I reach out to her as if to touch her. "Brithwyn – "
But she shakes her head. "Hush. I must go mind my sister and help Mama with supper." She starts to go, but I step in front of her path.
"Wait," I say, not really knowing what I want her to hear from me.
She tries to brush by me, but I am quicker. "Brithwyn, I am going away again after tomorrow. I will not be back for many months, maybe years. I do not want to carry with me the memory of you so very unhappy."
"Then don't," she snaps, then softens when she sees the effect of her words. "I'm sorry, Éothain."
"Is there anything at all that I can do?" I ask. "While I am here, before I go."
She shakes her head and looks at our feet in the dust. Hers are bare, tanned and dirty. Mine are in new leather boots, a gift from my father in honor of my coming training. I was so proud of them. He had sacrificed wages to pay for them, but the fact that we could even think to afford such luxuries shames me. I feel like crying, and am ashamed that I would fall prey to such weak feelings in front of her.

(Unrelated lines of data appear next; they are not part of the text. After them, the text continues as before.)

lemma abs_ip_le_mult_dual_norm: "\<bar>ip f w\<bar> \<le> N f * dual_norm N w"
  using ip_le_mult_dual_norm[of f w] ip_le_mult_dual_norm[of "- f" w]
  by (simp add: ip_minus_left)

end

section \<open>Polynomial approximation of the positive part\<close>

lemma ip_one_right: "(\<forall>x. 0 \<le> \<mu> $ x) \<Longrightarrow> ip \<mu> (\<chi> x. 1) = norm1 \<mu>"
  by (simp add: ip_def norm1_def)

lemma norm1_nonneg: "0 \<le> norm1 f"
  by (simp add: norm1_def sum_nonneg)

lemma ip_le_ip_add:
  assumes "\<forall>x. 0 \<le> \<mu> $ x" "norm1 \<mu> \<le> 1" "\<forall>x. u $ x \<le> v $ x + e" "0 \<le> e"
  shows "ip \<mu> u \<le> ip \<mu> v + e"
proof -
  have "ip \<mu> u \<le> ip \<mu> (v + e *\<^sub>R (\<chi> x. 1))"
    unfolding ip_def using assms(1,3)
    by (intro divide_right_mono sum_mono mult_left_mono) (auto simp: mult.commute)
  also have "\<dots> = ip \<mu> v + e * norm1 \<mu>"
    by (simp add: ip_inner inner_add_right add_divide_distrib flip: ip_one_right[OF assms(1)])
  also have "\<dots> \<le> ip \<mu> v + e"
    using assms(2,4) by (simp add: mult_left_le)
  finally show ?thesis .
qed

lemma ip_poly_le:
  assumes one: "\<bar>ip d (\<chi> x. 1)\<bar> \<le> 1"
    and powers: "\<forall>k\<ge>1. \<bar>ip d (\<chi> x. \<theta> $ x ^ k)\<bar> \<le> \<epsilon> * (C k * s ^ k)"
    and "0 \<le> \<epsilon>"
  shows "ip d (\<chi> x. poly P (\<theta> $ x)) \<le> \<bar>coeff P 0\<bar> + \<epsilon> * Rprime C P s"
proof -
  have "coeff P i * ip d (\<chi> x. \<theta> $ x ^ i)
      \<le> (if i = 0 then \<bar>coeff P 0\<bar> else 0) + \<epsilon> * ((if i = 0 then 1 else C i) * \<bar>coeff P i\<bar> * s ^ i)"
    for i
  proof -
    have "coeff P i * ip d (\<chi> x. \<theta> $ x ^ i) \<le> \<bar>coeff P i\<bar> * \<bar>ip d (\<chi> x. \<theta> $ x ^ i)\<bar>"
      by (metis abs_ge_self abs_mult)
    also have "\<dots> \<le> \<bar>coeff P i\<bar> * (if i = 0 then 1 else \<epsilon> * (C i * s ^ i))"
      using one powers by (intro mult_left_mono) auto
    moreover have "0 \<le> \<epsilon> * \<bar>coeff P i\<bar>" using \<open>0 \<le> \<epsilon>\<close> by simp
    ultimately show ?thesis by (auto simp: mult_ac)
  qed
  then have "ip d (\<chi> x. poly P (\<theta> $ x)) \<le> (\<Sum>i\<le>degree P. (if i = 0 then \<bar>coeff P 0\<bar> else 0)
      + \<epsilon> * ((if i = 0 then 1 else C i) * \<bar>coeff P i\<bar> * s ^ i))"
    unfolding ip_poly_right by (intro sum_mono)
  also have "\<dots> = \<bar>coeff P 0\<bar> + \<epsilon> * Rprime C P s"
    by (simp add: sum.distrib Rprime_def sum_distrib_left)
  finally show ?thesis .
qed
text \<open>One step of Gaussian elimination: c' solves the system obtained by eliminating the
  unknown u0 with equation e.\<close>

lemma homogeneous_system_extend_solution:
  fixes A :: "'e \<Rightarrow> 'u \<Rightarrow> 'a::field"
  assumes "finite U" "u0 \<in> U" "A e u0 \<noteq> 0"
    and nontrivial: "\<exists>u\<in>U - {u0}. c' u \<noteq> 0"
    and reduced: "\<forall>x\<in>E. (\<Sum>u\<in>U - {u0}. (A x u - A x u0 * A e u / A e u0) * c' u) = 0"
  shows "\<exists>c. (\<exists>u\<in>U. c u \<noteq> 0) \<and> (\<forall>x\<in>insert e E. (\<Sum>u\<in>U. A x u * c u) = 0)"
proof -
  define S where "S = (\<Sum>u\<in>U - {u0}. A e u * c' u)"
  define c where "c = c'(u0 := - S / A e u0)"
  have split: "(\<Sum>u\<in>U. A x u * c u) = A x u0 * c u0 + (\<Sum>u\<in>U - {u0}. A x u * c' u)" for x
  proof -
    have "(\<Sum>u\<in>U. A x u * c u) = A x u0 * c u0 + (\<Sum>u\<in>U - {u0}. A x u * c u)"
      using assms(1,2) by (rule sum.remove)
    also have "(\<Sum>u\<in>U - {u0}. A x u * c u) = (\<Sum>u\<in>U - {u0}. A x u * c' u)"
      by (rule sum.cong) (auto simp: c_def)
    finally show ?thesis .
  qed
  have "(\<Sum>u\<in>U. A x u * c u) = 0" if "x \<in> insert e E" for x
  proof (cases "x = e")
    case True
    have "A e u0 * c u0 = - S"
      using assms(3) by (simp add: c_def)
    then show ?thesis
      using True split[of e] by (simp add: S_def)
  next
    case False
    have "(A x u - A x u0 * A e u / A e u0) * c' u
        = A x u * c' u - A x u0 / A e u0 * (A e u * c' u)" for u
      by (simp add: left_diff_distrib)
    then have "(\<Sum>u\<in>U - {u0}. (A x u - A x u0 * A e u / A e u0) * c' u)
        = (\<Sum>u\<in>U - {u0}. A x u * c' u) - A x u0 / A e u0 * S"
      by (simp add: S_def sum_subtractf sum_distrib_left)
    then have "(\<Sum>u\<in>U - {u0}. A x u * c' u) = A x u0 / A e u0 * S"
      using reduced that False by simp
    then show ?thesis using split[of x] by (simp add: c_def)
  qed
  moreover have "\<exists>u\<in>U. c u \<noteq> 0" using nontrivial by (auto simp: c_def)
  ultimately show ?thesis by blast
qed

"Would you just think of me, every now and then, Éothain?" she asks finally. "I will do the same for you, you know I will."
I swallow a lump in my throat and nod. "Yes," my voice cracks a bit and I hang my head in embarrassment. She looks at me solemnly.
"I must go," she says softly and my heart breaks at her words. "I will say goodbye to you before you leave."
"We depart at first light, day after tomorrow," I say, and she nods, and leaves without another word.
Brithwyn
The sun is rising, extending its pale tendrils over the horizon and into my eyes. I am huddled in my cloak even inside at the window, for the morning is chilly and my soul feels colder, more alone. I know that as I sit, unable to move, Éothain is preparing to travel. I see him in my mind's eye, buckling the girth on his horse's saddle, checking its security, scanning his belongings to make sure he has everything. He is precise, studied, analytical about these things. I can picture the way his jaw juts out in concentration, the exact furrow of his brow, the carefulness of his hands. His eyes must be clouded with sleep's remaining grip.
He will be expecting me. I told him I would be there to see him off. But I cannot bring myself to go to him, though I have risen at dawn with the intention of doing so. I want to see him, touch him once in parting. But I do not want to see him leave. I want him to stay. I want so many things.
Éothain
We are preparing to move. My eyes scan my surroundings, looking for her, growing increasingly concerned when she does not appear. She said she would be here! She promised!
She did not promise in so many words. But she did say she would come.
Someone speaks to me and I turn my attention to the voice briefly. "What? Yes." I do not really know what they ask. A lump of cheese and bread meets my palm, followed by an apple in the other. I tuck the meal away for later and return to my task of looking, watching, waiting.
Then I see her. She is standing on the crest of the hill above us, a small solemn shape against the sky. I lift my arm to wave, to beckon her to come down, but she shakes her head. I look away, unwilling to let her or the others see my disappointment. I try to make my expression blank. But I can't. I look back up at her and call her name.
"Brithwyn."
She lifts her hand to wave, the briefest smile flitting across her face – I can barely see it in the distance. Then she turns and disappears over the top of the hill. Gone. Gone.